ECLI:NL:TADRSGR:2016:119 Raad van Discipline 's-Gravenhage 16-349/DH/DH

ECLI: ECLI:NL:TADRSGR:2016:119
Datum uitspraak: 01-06-2016
Datum publicatie: 23-06-2016
Zaaknummer(s): 16-349/DH/DH
Onderwerp: Zorg voor de cliënt, subonderwerp: Financiën
Beslissingen:
Inhoudsindicatie: Voorzittersbeslissing.

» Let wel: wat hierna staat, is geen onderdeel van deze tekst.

lemma exists_trace_one_element:
  fixes q :: nat
  assumes "prime CHAR('a)" and "q = CHAR('a) ^ m" and "m > 0"
  obtains \<alpha> :: "'a::alg_closed_field"
  where "\<alpha> ^ q ^ 5 = \<alpha>" and "\<alpha> ^ q \<noteq> \<alpha>" and "(\<Sum>k<5. \<alpha> ^ q ^ k) = 1"
    and "\<alpha> + \<alpha> ^ q + \<alpha> ^ q ^ 2 \<noteq> 0" and "\<alpha> + \<alpha> ^ q + \<alpha> ^ q ^ 3 \<noteq> 0"
proof -
  have "q \<ge> CHAR('a)"
    using assms(3) prime_gt_0_nat [OF assms(1)] by (simp add: assms(2) self_le_power)
  then have "q \<ge> 2"
    using prime_ge_2_nat [OF assms(1)] by linarith
  moreover have "of_nat q = (0 :: 'a)"
    using assms(2,3) by (simp add: of_nat_eq_0_iff_char_dvd)
  ultimately obtain x :: 'a where x: "x ^ q ^ 5 = x" "x ^ q \<noteq> x"
    "(\<Sum>k<5. x ^ q ^ k) \<noteq> 0"
    "(\<Sum>k\<in>{0, 1, 2}. x ^ q ^ k) \<noteq> 0" "(\<Sum>k\<in>{0, 1, 3}. x ^ q ^ k) \<noteq> 0"
    by (rule exists_fixed_point_avoiding_q_sums)
  define c where "c = (\<Sum>k<5. x ^ q ^ k)"
  have "c ^ q = (\<Sum>k<5. x ^ q ^ Suc k)"
    unfolding c_def using assms(1,2)
    by (subst freshmans_dream_sum' [where n = m]) (simp_all add: mult.commute flip: power_mult)
  also have "\<dots> = c"
    using x(1) by (simp add: c_def eval_nat_numeral)
  finally have "c ^ q ^ k = c" for k
    by (induction k) (simp_all add: power_mult)
  then have conj: "(x / c) ^ q ^ k = x ^ q ^ k / c" for k
    by (simp add: power_divide)
  have "c \<noteq> 0"
    using x(3) by (simp add: c_def)
  show ?thesis
  proof (rule that [of "x / c"])
    show "(x / c) ^ q ^ 5 = x / c" and "(x / c) ^ q \<noteq> x / c"
      using conj [of 5] conj [of 1] x(1,2) \<open>c \<noteq> 0\<close> by simp_all
    have "(\<Sum>k<5. (x / c) ^ q ^ k) = (\<Sum>k<5. x ^ q ^ k) / c"
      by (simp only: conj sum_divide_distrib)
    then show "(\<Sum>k<5. (x / c) ^ q ^ k) = 1"
      using \<open>c \<noteq> 0\<close> by (simp flip: c_def)
    show "x / c + (x / c) ^ q + (x / c) ^ q ^ 2 \<noteq> 0" and "x / c + (x / c) ^ q + (x / c) ^ q ^ 3 \<noteq> 0"
      using conj [of 1] conj [of 2] conj [of 3] x(4,5) \<open>c \<noteq> 0\<close>
      by (simp_all add: add_divide_distrib [symmetric] ac_simps)
  qed
qed

section \<open>Orbits of an additive map\<close>

lemma funpow_power_eq: "((\<lambda>y. y ^ m) ^^ k) x = (x :: 'a::monoid_mult) ^ m ^ k"
  by (induction k) (simp_all add: power_mult [symmetric] mult.commute)

lemma funpow_gcd_fixed:
  assumes "(f ^^ m) x = x" and "(f ^^ n) x = x"
  shows "(f ^^ gcd m n) x = x"
  using assms
proof (induction m n rule: gcd_nat_induct)
  case (step m n)
  then have "(f ^^ (m mod n)) x = x"
    by (simp add: funpow_mod_eq)
  with step show ?case
    by (simp add: gcd_red_nat [of m n])
qed simp

lemma inj_on_funpow_orbit_prime:
  assumes "prime p" and "inj f" and "(f ^^ p) x = x" and "f x \<noteq> x"
  shows "inj_on (\<lambda>k. (f ^^ k) x) {..<p}"
proof (rule linorder_inj_onI')
  fix i j
  assume "i \<in> {..<p}" "j \<in> {..<p}" "i < j"
  then have "\<not> p dvd j - i"
    by (intro nat_dvd_not_less) auto
  then have "coprime (j - i) p"
    using assms(1) by (simp add: prime_imp_coprime coprime_commute)
  show "(f ^^ i) x \<noteq> (f ^^ j) x"
  proof
    assume "(f ^^ i) x = (f ^^ j) x"
    also have "\<dots> = (f ^^ (i + (j - i))) x"
      using \<open>i < j\<close> by simp
    also have "\<dots> = (f ^^ i) ((f ^^ (j - i)) x)"
      by (simp only: funpow_add o_apply)
    finally have "x = (f ^^ (j - i)) x"
      by (rule injD [OF inj_fn [OF assms(2)]])
    then have "(f ^^ gcd (j - i) p) x = x"
      using assms(3) by (intro funpow_gcd_fixed) simp_all
    with \<open>coprime (j - i) p\<close> assms(4) show False
      by simp
  qed
qed

lemma funpow_additive:
  fixes f :: "'a::ab_group_add \<Rightarrow> 'a"
  assumes "\<And>u v. f (u + v) = f u + f v"
  shows "(f ^^ n) (u + v) = (f ^^ n) u + (f ^^ n) v" and "(f ^^ n) 0 = 0"
proof -
  show "(f ^^ n) (u + v) = (f ^^ n) u + (f ^^ n) v" for u v
    by (induction n) (simp_all add: assms)
  from this [of 0 0] show "(f ^^ n) 0 = 0"
    by simp
qed

lemma orbit5_rotated_sum_nonzero:
  fixes f :: "'a::ab_group_add \<Rightarrow> 'a"
  assumes add: "\<And>u v. f (u + v) = f u + f v" and "inj f" and "(f ^^ 5) x = x"
    and "x + f x + (f ^^ d) x \<noteq> 0"
    and "t mod 5 = (s + 1) mod 5" and "u mod 5 = (s + d) mod 5"
  shows "(f ^^ s) x + (f ^^ t) x + (f ^^ u) x \<noteq> 0"
proof
  assume "(f ^^ s) x + (f ^^ t) x + (f ^^ u) x = 0"
  moreover have "(f ^^ t) x = (f ^^ (s + 1)) x" and "(f ^^ u) x = (f ^^ (s + d)) x"
    using assms(3,5,6) funpow_mod_eq by metis+
  moreover have "(f ^^ s) (x + f x + (f ^^ d) x) = (f ^^ s) x + (f ^^ (s + 1)) x + (f ^^ (s + d)) x"
    by (simp only: funpow_additive(1) [OF add] funpow_add o_apply) simp
  ultimately have "(f ^^ s) (x + f x + (f ^^ d) x) = (f ^^ s) 0"
    by (simp add: funpow_additive(2) [OF add])
  then have "x + f x + (f ^^ d) x = 0"
    by (rule injD [OF inj_fn [OF assms(2)]])
  with assms(4) show False
    by contradiction
qed

lemma orbit5_sum_three_nonzero:
  fixes f :: "'a::ab_group_add \<Rightarrow> 'a" and x :: 'a
  defines "R \<equiv> (\<lambda>k. (f ^^ k) x) ` {..<5}"
  assumes add: "\<And>u v. f (u + v) = f u + f v" and inj: "inj f" and period: "(f ^^ 5) x = x"
    and sum2: "x + f x + (f ^^ 2) x \<noteq> 0" and sum3: "x + f x + (f ^^ 3) x \<noteq> 0"
    and yzw: "y \<in> R" "z \<in> R" "w \<in> R" "y \<noteq> z" "z \<noteq> w" "y \<noteq> w"
  shows "y + z + w \<noteq> 0"
proof -
  define a where "a n = (f ^^ n) x" for n
  note rotated = orbit5_rotated_sum_nonzero [OF add inj period]
  have T: "a 0 + a 1 + a 2 \<noteq> 0" "a 1 + a 2 + a 3 \<noteq> 0" "a 2 + a 3 + a 4 \<noteq> 0"
    "a 3 + a 4 + a 0 \<noteq> 0" "a 4 + a 0 + a 1 \<noteq> 0" "a 0 + a 1 + a 3 \<noteq> 0"
    "a 1 + a 2 + a 4 \<noteq> 0" "a 2 + a 3 + a 0 \<noteq> 0" "a 3 + a 4 + a 1 \<noteq> 0" "a 4 + a 0 + a 2 \<noteq> 0"
    using rotated [OF sum2, folded a_def] rotated [OF sum3, folded a_def] by simp_all
  have "R = {a 0, a 1, a 2, a 3, a 4}"
    by (auto simp: R_def a_def lessThan_nat_numeral)
  with T yzw show ?thesis
    by (auto simp: ac_simps)
qed

section \<open>The Frobenius map on the algebraic closure\<close>

(* The hypothesis CARD('a) = CHAR('a) ^ m holds in every finite field; it is assumed here because
   for the theorem it is immediate from CARD('a) = 2 ^ d. *)

lemma alg_closure_power_card_add:
  fixes x y :: "'a::{field,finite} alg_closure"
  assumes "prime CHAR('a)" and "CARD('a) = CHAR('a) ^ m"
  shows "(x + y) ^ CARD('a) ^ k = x ^ CARD('a) ^ k + y ^ CARD('a) ^ k"
  using assms by (intro freshmans_dream' [where n = "m * k"]) (simp_all add: power_mult)

lemma inj_alg_closure_power_card:
  assumes "prime CHAR('a::{field,finite})" and "CARD('a) = CHAR('a) ^ m"
  shows "inj (\<lambda>x :: 'a alg_closure. x ^ CARD('a))"
proof (rule injI)
  fix x y :: "'a alg_closure"
  assume eq: "x ^ CARD('a) = y ^ CARD('a)"
  have "x ^ CARD('a) = (x - y) ^ CARD('a) + y ^ CARD('a)"
    using alg_closure_power_card_add [OF assms, of "x - y" y 1] by simp
  with eq have "(x - y) ^ CARD('a) = 0"
    by simp
  then show "x = y"
    by simp
qed

lemma alg_closure_power_card_fixed_iff:
  assumes "prime CHAR('a::{field,finite})" and "CARD('a) = CHAR('a) ^ m"
  shows "x ^ CARD('a) = x \<longleftrightarrow> x \<in> range (to_ac :: 'a \<Rightarrow> 'a alg_closure)"
proof -
  define q where "q = CARD('a)"
  have "m > 0"
    using card_UNIV_field_ge_2 [where 'a = 'a] assms(2) by (cases m) simp_all
  then have "of_nat q = (0 :: 'a alg_closure)"
    using assms(2) by (simp add: q_def of_nat_eq_0_iff_char_dvd)
  then have card: "card {x :: 'a alg_closure. x ^ q = x} = q"
    using card_UNIV_field_ge_2 [where 'a = 'a] by (intro card_fixed_points_power) (simp_all add: q_def)
  have "range (to_ac :: 'a \<Rightarrow> 'a alg_closure) \<subseteq> {x. x ^ q = x}"
    by (auto simp: q_def finite_field_power_card_eq_self simp flip: to_ac_power)
  moreover have "card (range (to_ac :: 'a \<Rightarrow> 'a alg_closure)) = q"
    by (simp add: q_def card_image inj_to_ac)
  moreover have "finite {x :: 'a alg_closure. x ^ q = x}"
    using card card_UNIV_field_ge_2 [where 'a = 'a] by (intro card_ge_0_finite) (simp add: q_def)
  ultimately have "range to_ac = {x :: 'a alg_closure. x ^ q = x}"
    using card by (intro card_subset_eq) simp_all
  then show ?thesis
    by (simp add: q_def)
qed

lemma poly_map_poly_to_ac_power_card_power:
  fixes g :: "'a::{field,finite} poly" and x :: "'a alg_closure"
  assumes "prime CHAR('a)" and "CARD('a) = CHAR('a) ^ m"
  shows "poly (map_poly to_ac g) (x ^ CARD('a) ^ k) = poly (map_poly to_ac g) x ^ CARD('a) ^ k"
proof -
  define \<phi> where "\<phi> y = y ^ CARD('a) ^ k" for y :: "'a alg_closure"
  have hom: "\<phi> 0 = 0" "\<phi> (y + z) = \<phi> y + \<phi> z" "\<phi> (y * z) = \<phi> y * \<phi> z" for y z
    using card_UNIV_field_ge_2 [where 'a = 'a] alg_closure_power_card_add [OF assms]
    by (simp_all add: \<phi>_def power_mult_distrib)
  have "map_poly \<phi> (map_poly to_ac g) = map_poly to_ac g"
    by (simp add: map_poly_map_poly hom(1) o_def \<phi>_def finite_field_power_card_power_eq_self flip: to_ac_power)
  then show ?thesis
    using poly_map_poly_hom [of \<phi> "map_poly to_ac g" x, OF hom] by (simp add: \<phi>_def)
qed

lemma poly_map_poly_to_ac_orbit_root:
  fixes g :: "'a::{field,finite} poly" and \<alpha> :: "'a alg_closure"
  assumes "prime CHAR('a)" and "CARD('a) = CHAR('a) ^ m"
    and "\<alpha> ^ CARD('a) ^ n = \<alpha>" and "i \<le> n" and "poly (map_poly to_ac g) (\<alpha> ^ CARD('a) ^ i) = 0"
  shows "poly (map_poly to_ac g) (\<alpha> ^ CARD('a) ^ k) = 0"
proof -
  have "\<alpha> ^ CARD('a) ^ k = \<alpha> ^ CARD('a) ^ (n + k)"
    using assms(3) by (simp add: power_add power_mult)
  also have "\<dots> = (\<alpha> ^ CARD('a) ^ i) ^ CARD('a) ^ (n + k - i)"
    using assms(4) by (simp flip: power_mult power_add)
  finally show ?thesis
    using assms(5) poly_map_poly_to_ac_power_card_power [OF assms(1,2)] by simp
qed

lemma orbit_polynomial_descends:
  fixes \<alpha> :: "'a::{field,finite} alg_closure"
  assumes "prime CHAR('a)" and "CARD('a) = CHAR('a) ^ m"
    and "\<alpha> ^ CARD('a) ^ n = \<alpha>"
  obtains f :: "'a poly" where "map_poly to_ac f = (\<Prod>k<n. [:- (\<alpha> ^ CARD('a) ^ k), 1:])"
proof -
  define q where "q = CARD('a)"
  define P where "P = (\<Prod>k<n. [:- (\<alpha> ^ q ^ k), 1:])"
  define F where "F y = y ^ q" for y :: "'a alg_closure"
  have hom: "F 0 = 0" "F 1 = 1" "F (y + z) = F y + F z" "F (y * z) = F y * F z" for y z
    using card_UNIV_field_ge_2 [where 'a = 'a] alg_closure_power_card_add [OF assms(1,2), of _ _ 1]
    by (simp_all add: F_def q_def power_mult_distrib)
  have "map_poly F P = (\<Prod>k<n. [:- (\<alpha> ^ q ^ Suc k), 1:])"
    unfolding P_def
    by (subst map_poly_prod_linear_factors_hom [OF hom]) (simp add: F_def mult.commute flip: power_mult)
  also have "\<dots> = P"
    unfolding P_def using assms(3) by (intro prod_lessThan_rotate) (simp_all add: q_def)
  finally have "coeff P i ^ q = coeff P i" for i
    by (metis F_def coeff_map_poly hom(1))
  then have "coeff P i \<in> range to_ac" for i
    using alg_closure_power_card_fixed_iff [OF assms(1,2)] by (simp add: q_def)
  then have "map_poly to_ac (map_poly of_ac P) = P"
    by (intro poly_eqI) (simp add: coeff_map_poly to_ac_of_ac)
  then show ?thesis
    using that by (simp add: P_def q_def)
qed

lemma orbit_polynomial_irreducible:
  fixes f :: "'a::{field,finite} poly" and \<alpha> :: "'a alg_closure"
  assumes "prime CHAR('a)" and "CARD('a) = CHAR('a) ^ m"
    and "n > 0" and "\<alpha> ^ CARD('a) ^ n = \<alpha>" and "inj_on (\<lambda>k. \<alpha> ^ CARD('a) ^ k) {..<n}"
    and f: "map_poly to_ac f = (\<Prod>k<n. [:- (\<alpha> ^ CARD('a) ^ k), 1:])"
  shows "irreducible f"
proof -
  have deg_f: "degree f = n"
    using f degree_map_poly [of to_ac f] by (simp add: degree_prod_linear_factors)
  show ?thesis
  proof (rule irreducibleI)
    show "f \<noteq> 0"
      using deg_f assms(3) by auto
    then show "\<not> is_unit f"
      using deg_f assms(3) by (simp add: is_unit_iff_degree)
    fix g h
    assume fgh: "f = g * h"
    show "is_unit g \<or> is_unit h"
    proof (rule ccontr)
      assume "\<not> (is_unit g \<or> is_unit h)"
      with fgh \<open>f \<noteq> 0\<close> have "degree g > 0" "degree h > 0"
        by (auto simp: is_unit_iff_degree)
      define G where "G = map_poly to_ac g"
      have "degree G = degree g"
        by (simp add: G_def degree_map_poly)
      then have deg_G: "degree G < n" and G0: "G \<noteq> 0" and "degree G \<noteq> 0"
        using deg_f fgh \<open>degree g > 0\<close> \<open>degree h > 0\<close> \<open>f \<noteq> 0\<close>
        by (auto simp: degree_mult_eq)
      then obtain r where "poly G r = 0"
        using alg_closed_imp_poly_has_root by blast
      moreover have "map_poly to_ac f = G * map_poly to_ac h"
        unfolding fgh G_def by (rule map_poly_mult_hom) simp_all
      ultimately have "poly (\<Prod>k<n. [:- (\<alpha> ^ CARD('a) ^ k), 1:]) r = 0"
        using f by simp
      then obtain i where "i < n" and "poly G (\<alpha> ^ CARD('a) ^ i) = 0"
        using \<open>poly G r = 0\<close> by (auto simp: poly_prod prod_zero_iff)
      then have "poly G (\<alpha> ^ CARD('a) ^ k) = 0" for k
        using poly_map_poly_to_ac_orbit_root [OF assms(1,2,4), of i g k] by (simp add: G_def)
      then have "(\<lambda>k. \<alpha> ^ CARD('a) ^ k) ` {..<n} \<subseteq> {x. poly G x = 0}"
        by auto
      then have "card ((\<lambda>k. \<alpha> ^ CARD('a) ^ k) ` {..<n}) \<le> degree G"
        using card_mono [OF poly_roots_finite [OF G0]] card_poly_roots_bound [OF G0] le_trans by blast
      with deg_G assms(5) show False
        by (simp add: card_image)
    qed
  qed
qed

Klaagster verwijt verweerder dat: a) hij klaagster niet heeft geïnformeerd over de mogelijkheid om in aanmerking te komen voor gefinancierde rechtsbijstand, althans haar op betalende wijze heeft bijgestaan, terwijl klaagster voor een toevoeging in aanmerking zou komen; b) hij klaagster tijdens de comparitie van partijen onvoldoende heeft geïnformeerd en er bij haar op heeft aangedrongen in te stemmen met een minnelijke regeling. Daarbij heeft verweerder misbruik gemaakt van het feit dat klaagster de Nederlandse taal onvoldoende machtig is. Uit het dossier volgt dat verweerder schriftelijk heeft vastgelegd dat en waarom klaagster bij aanvang van de rechtsbijstand door verweerder heeft besloten af te zien van gefinancierde rechtsbijstand, alsmede dat een uurtarief is afgesproken. Derhalve heeft verweerder gehandeld overeenkomstig het bepaalde in gedragsregel 24. Verweerder heeft gemotiveerd betwist dat hij klaagster ten tijde van de comparitie van partijen onvoldoende heeft geïnformeerd en dat hij haar onder druk heeft gezet. Hiertoe heeft hij onder meer een brief van de advocaat van de wederpartij overgelegd. Klaagster heeft haar klacht daarop niet, althans onvoldoende nader onderbouwd. Derhalve kan niet worden vastgesteld dat verweerder jegens haar tuchtrechtelijk verwijtbaar heeft gehandeld. Dat klaagster de Nederlandse taal onvoldoende machtig is en dat verweerder daarvan misbruik heeft gemaakt, is uit de stukken evenmin gebleken. Klacht kennelijk ongegrond.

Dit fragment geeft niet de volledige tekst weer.